───── RECORDS FOR THIS TASK ─────

(* Let $G$ be a finite group. Then $G$ is nested if and only if $K_\infty=G$.
   Context: All groups are finite. For $\chi\in\mathrm{Irr}(G)$, the center of $\chi$ is $Z(\chi)=\{g\in G : |\chi(g)|=\chi(1)\}$; equivalently $Z(\chi)/\ker(\chi)=Z(G/\ker(\chi))$. A group $G$ is nested if for all $\chi,\psi\in\mathrm{Irr}(G)$ either $Z(\chi)\le Z(\psi)$ or $Z(\psi)\le Z(\chi)$. For a nonabelian group $H$, let $\mathcal{X}_H=\{\chi\in\mathrm{Irr}(H) : Z(\chi)>Z(H)\}$ (strict containment) and define $K(H)=\bigcap_{\chi\in\mathcal{X}_H}\ker(\chi)$; if $H$ is abelian, set $K(H)=H$. Define normal subgroups $K_i$ of $G$ by $K_0=1$ and $K_{i+1}/K_{i}=K(G/K_{i})$ for $i\ge 0$. This ascending chain stabilizes; $K_\infty$ denotes its terminal term. *)

theory Defs
  imports "HOL-Algebra.Coset" "Jordan_Normal_Form.Matrix"
begin

definition mat_trace :: "complex mat \<Rightarrow> complex" where
  "mat_trace A = (\<Sum>i<dim_row A. A $$ (i, i))"

definition is_rep :: "('a, 'b) monoid_scheme \<Rightarrow> nat \<Rightarrow> ('a \<Rightarrow> complex mat) \<Rightarrow> bool" where
  "is_rep G n \<rho> \<longleftrightarrow>
     (\<forall>g \<in> carrier G. \<rho> g \<in> carrier_mat n n) \<and>
     \<rho> \<one>\<^bsub>G\<^esub> = 1\<^sub>m n \<and>
     (\<forall>g \<in> carrier G. \<forall>h \<in> carrier G. \<rho> (g \<otimes>\<^bsub>G\<^esub> h) = \<rho> g * \<rho> h)"

definition invariant_subspace :: "('a, 'b) monoid_scheme \<Rightarrow> nat \<Rightarrow> ('a \<Rightarrow> complex mat) \<Rightarrow> complex vec set \<Rightarrow> bool" where
  "invariant_subspace G n \<rho> W \<longleftrightarrow>
     W \<subseteq> carrier_vec n \<and> 0\<^sub>v n \<in> W \<and>
     (\<forall>v \<in> W. \<forall>w \<in> W. v + w \<in> W) \<and>
     (\<forall>c. \<forall>v \<in> W. c \<cdot>\<^sub>v v \<in> W) \<and>
     (\<forall>g \<in> carrier G. \<forall>v \<in> W. \<rho> g *\<^sub>v v \<in> W)"

definition irreducible_rep :: "('a, 'b) monoid_scheme \<Rightarrow> nat \<Rightarrow> ('a \<Rightarrow> complex mat) \<Rightarrow> bool" where
  "irreducible_rep G n \<rho> \<longleftrightarrow> is_rep G n \<rho> \<and> 0 < n \<and>
     (\<forall>W. invariant_subspace G n \<rho> W \<longrightarrow> W = {0\<^sub>v n} \<or> W = carrier_vec n)"

definition Irr :: "('a, 'b) monoid_scheme \<Rightarrow> ('a \<Rightarrow> complex) set" where
  "Irr G = {\<chi>. \<exists>n \<rho>. irreducible_rep G n \<rho> \<and> \<chi> = (\<lambda>g \<in> carrier G. mat_trace (\<rho> g))}"

definition char_kernel :: "('a, 'b) monoid_scheme \<Rightarrow> ('a \<Rightarrow> complex) \<Rightarrow> 'a set" where
  "char_kernel G \<chi> = {g \<in> carrier G. \<chi> g = \<chi> \<one>\<^bsub>G\<^esub>}"

definition char_center :: "('a, 'b) monoid_scheme \<Rightarrow> ('a \<Rightarrow> complex) \<Rightarrow> 'a set" where
  "char_center G \<chi> = {g \<in> carrier G. cmod (\<chi> g) = cmod (\<chi> \<one>\<^bsub>G\<^esub>)}"

definition group_center :: "('a, 'b) monoid_scheme \<Rightarrow> 'a set" where
  "group_center G = {z \<in> carrier G. \<forall>g \<in> carrier G. z \<otimes>\<^bsub>G\<^esub> g = g \<otimes>\<^bsub>G\<^esub> z}"

definition nested :: "('a, 'b) monoid_scheme \<Rightarrow> bool" where
  "nested G \<longleftrightarrow> (\<forall>\<chi> \<in> Irr G. \<forall>\<psi> \<in> Irr G.
      char_center G \<chi> \<subseteq> char_center G \<psi> \<or> char_center G \<psi> \<subseteq> char_center G \<chi>)"

definition is_abelian :: "('a, 'b) monoid_scheme \<Rightarrow> bool" where
  "is_abelian G \<longleftrightarrow> (\<forall>x \<in> carrier G. \<forall>y \<in> carrier G. x \<otimes>\<^bsub>G\<^esub> y = y \<otimes>\<^bsub>G\<^esub> x)"

text \<open>K(H): intersection of the kernels of all chi in Irr(H) with Z(chi) > Z(H);
  H itself if H is abelian (the empty intersection is also H).\<close>
definition K_sub :: "('a, 'b) monoid_scheme \<Rightarrow> 'a set" where
  "K_sub H = (if is_abelian H then carrier H
     else carrier H \<inter> (\<Inter>\<chi> \<in> {\<chi> \<in> Irr H. group_center H \<subset> char_center H \<chi>}. char_kernel H \<chi>))"

text \<open>K_0 = 1, and K_{i+1} is the preimage in G of K(G/K_i), i.e. the union of the
  cosets of K_i lying in K(G/K_i).\<close>
primrec K_chain :: "('a, 'b) monoid_scheme \<Rightarrow> nat \<Rightarrow> 'a set" where
  "K_chain G 0 = {\<one>\<^bsub>G\<^esub>}"
| "K_chain G (Suc i) = \<Union> (K_sub (G Mod K_chain G i))"

text \<open>The terminal term of the ascending chain (K_i).\<close>
definition K_infty :: "('a, 'b) monoid_scheme \<Rightarrow> 'a set" where
  "K_infty G = (\<Union>i. K_chain G i)"

end

theory Submission
  imports Defs "Jordan_Normal_Form.Spectral_Radius" "HOL-Algebra.Multiplicative_Group"
begin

─────

§ WORK INSTRUCTIONS
Go through the records above and copy each line where "open" is found.

§ EXERCISE SOLUTION
text \<open>K(H): intersection of the kernels of all chi in Irr(H) with Z(chi) > Z(H);
text \<open>K_0 = 1, and K_{i+1} is the preimage in G of K(G/K_i), i.e. the union of the
text \<open>The terminal term of the ascending chain (K_i).\<close>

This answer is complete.